▸ What you will do:
Work out how many lines in the records include the word "delta", then answer with nothing but that number.

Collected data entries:
(* Let $\mathcal{S}$ be an addable abstract numeration system and let $Y\subseteq\mathbb{N}^{\mathbb{N}}$ be a subshift (over a finite subset of $\mathbb{N}$) that is $\mathcal{S}$-codable. Then its hereditary closure $\tilde Y=\{\mathbf{x}\in\mathbb{N}^{\mathbb{N}}:\exists\mathbf{y}\in Y\ \forall i\ x_i\le y_i\}$ is $\mathcal{S}$-codable.
   Context: ANS: $\mathcal{S}=(L,\prec)$ with $L$ an infinite language and $\prec$ a total order of type $\omega$; $\mathrm{rep}(n)$ is the $n$-th word of $L$; tuples are represented by left-padding with a new symbol $\#$; $Z\subseteq\mathbb{N}^d$ is $\mathcal{S}$-recognizable if $\mathrm{rep}(Z)$ is regular; $\mathcal{S}$ is addable if $\{(x,y,x+y)\}$ is $\mathcal{S}$-recognizable. For $\mathbf{y}\in\mathbb{N}^{\mathbb{N}}$: $\sum\mathbf{y}=\sum_iy_i$; if finite, $\nu(\mathbf{y})$ is the unique nondecreasing $(n_1,\dots,n_d)$ with $y_j=|\{k:n_k=j\}|$. Coding dimension of $Z\subseteq\mathbb{N}^{\mathbb{N}}$: least $d$ bounding $\sum\mathbf{y}$ on $Z$, if it exists. $Z$ is weakly $\mathcal{S}$-codable if for every $k$, $\{\nu(\mathbf{y}):\mathbf{y}\in Z,\sum\mathbf{y}\le k\}$ is $\mathcal{S}$-recognizable in each dimension; $\mathcal{S}$-codable if moreover the coding dimension is finite. *)

theory Defs
  imports Main
begin

definition regular :: "'b list set \<Rightarrow> bool" where
  "regular A \<longleftrightarrow> (\<exists>(n::nat) (\<delta>::nat \<Rightarrow> 'b \<Rightarrow> nat) q0 F.
      q0 < n \<and> (\<forall>q<n. \<forall>a. \<delta> q a < n) \<and> A = {w. foldl \<delta> q0 w \<in> F})"

text \<open>An ANS (L, lt) over a finite alphabet Alph: L an infinite language over Alph,
  lt a strict total order on L of order type omega (every word has finitely many
  predecessors).\<close>
definition ans :: "'a set \<Rightarrow> 'a list set \<Rightarrow> ('a list \<Rightarrow> 'a list \<Rightarrow> bool) \<Rightarrow> bool" where
  "ans Alph L lt \<longleftrightarrow> finite Alph \<and> L \<subseteq> lists Alph \<and> infinite L
     \<and> (\<forall>w\<in>L. \<not> lt w w)
     \<and> (\<forall>u\<in>L. \<forall>v\<in>L. \<forall>w\<in>L. lt u v \<longrightarrow> lt v w \<longrightarrow> lt u w)
     \<and> (\<forall>u\<in>L. \<forall>v\<in>L. u \<noteq> v \<longrightarrow> lt u v \<or> lt v u)
     \<and> (\<forall>w\<in>L. finite {v\<in>L. lt v w})"

text \<open>rep n is the n-th word of L (counting from 0).\<close>
definition rep :: "'a list set \<Rightarrow> ('a list \<Rightarrow> 'a list \<Rightarrow> bool) \<Rightarrow> nat \<Rightarrow> 'a list" where
  "rep L lt n = (THE w. w \<in> L \<and> card {v\<in>L. lt v w} = n)"

text \<open>Left padding with the new symbol # (rendered as None) to length m.\<close>
definition pad :: "nat \<Rightarrow> 'a list \<Rightarrow> 'a option list" where
  "pad m w = replicate (m - length w) None @ map Some w"

text \<open>Representation of a d-tuple (a list of length d): pad all components to the
  maximal length and read them in parallel; letters are d-tuples (lists of length d)
  over Alph \<union> {#}.\<close>
definition rep_tuple :: "'a list set \<Rightarrow> ('a list \<Rightarrow> 'a list \<Rightarrow> bool) \<Rightarrow> nat list
    \<Rightarrow> 'a option list list" where
  "rep_tuple L lt xs =
     (let ws = map (rep L lt) xs;
          m = foldr (\<lambda>w k. max (length w) k) ws 0;
          ps = map (pad m) ws
      in map (\<lambda>j. map (\<lambda>p. p ! j) ps) [0..<m])"

definition recognizable :: "'a list set \<Rightarrow> ('a list \<Rightarrow> 'a list \<Rightarrow> bool) \<Rightarrow> nat list set \<Rightarrow> bool" where
  "recognizable L lt Z \<longleftrightarrow> regular (rep_tuple L lt ` Z)"

definition addable :: "'a list set \<Rightarrow> ('a list \<Rightarrow> 'a list \<Rightarrow> bool) \<Rightarrow> bool" where
  "addable L lt \<longleftrightarrow> recognizable L lt {[x, y, x + y] | x y. True}"

text \<open>sum_le y k: the sum of y (possibly infinite) is at most k.\<close>
definition sum_le :: "(nat \<Rightarrow> nat) \<Rightarrow> nat \<Rightarrow> bool" where
  "sum_le y k \<longleftrightarrow> finite {i. y i \<noteq> 0} \<and> (\<Sum>i\<in>{i. y i \<noteq> 0}. y i) \<le> k"

definition nu :: "(nat \<Rightarrow> nat) \<Rightarrow> nat list" where
  "nu y = concat (map (\<lambda>j. replicate (y j) j) [0..<Suc (Max (insert 0 {i. y i \<noteq> 0}))])"

definition weakly_codable :: "'a list set \<Rightarrow> ('a list \<Rightarrow> 'a list \<Rightarrow> bool) \<Rightarrow> (nat \<Rightarrow> nat) set \<Rightarrow> bool" where
  "weakly_codable L lt Z \<longleftrightarrow>
     (\<forall>k d. recognizable L lt {nu y | y. y \<in> Z \<and> sum_le y k \<and> length (nu y) = d})"

definition codable :: "'a list set \<Rightarrow> ('a list \<Rightarrow> 'a list \<Rightarrow> bool) \<Rightarrow> (nat \<Rightarrow> nat) set \<Rightarrow> bool" where
  "codable L lt Z \<longleftrightarrow> weakly_codable L lt Z \<and> (\<exists>d. \<forall>y\<in>Z. sum_le y d)"

text \<open>One-sided subshift over a finite alphabet A \<subseteq> N: closed in the product topology
  and invariant under the shift.\<close>
definition subshift :: "(nat \<Rightarrow> nat) set \<Rightarrow> bool" where
  "subshift Y \<longleftrightarrow> (\<exists>A. finite A \<and> (\<forall>x\<in>Y. \<forall>i. x i \<in> A))
     \<and> (\<forall>x\<in>Y. (\<lambda>i. x (Suc i)) \<in> Y)
     \<and> (\<forall>x. (\<forall>n. \<exists>y\<in>Y. \<forall>i<n. y i = x i) \<longrightarrow> x \<in> Y)"

definition hered_closure :: "(nat \<Rightarrow> nat) set \<Rightarrow> (nat \<Rightarrow> nat) set" where
  "hered_closure Y = {x. \<exists>y\<in>Y. \<forall>i. x i \<le> y i}"

end

theory Submission
  imports Defs "HOL-Library.Multiset" "HOL-Library.Sublist"
begin

text \<open>If \<open>x \<le> y\<close> pointwise, the sorted tuple \<open>\<nu>(x)\<close> is a subsequence of \<open>\<nu>(y)\<close>, and every
  subsequence of \<open>\<nu>(y)\<close> arises in this way. So the \<open>d\<close>-tuples coding the hereditary closure
  are obtained from the tuples \<open>\<nu>(y)\<close>, \<open>y \<in> Y\<close>, whose lengths are bounded by the coding
  dimension \<open>D\<close>, by keeping the coordinates in some \<open>d\<close>-subset of \<open>{0,...,D-1}\<close>. There are
  finitely many such subsets, and keeping a fixed set of coordinates preserves
  recognizability: on the parallel representation it is a letter-to-letter morphism followed
  by the removal of the leading columns that now consist of padding only, and regular
  languages are closed under both operations (both keep the set of left quotients finite).\<close>

section \<open>Regular languages and left quotients\<close>

definition lquot :: "'b list \<Rightarrow> 'b list set \<Rightarrow> 'b list set" where
  "lquot u A = {w. u @ w \<in> A}"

▸ Response below:
2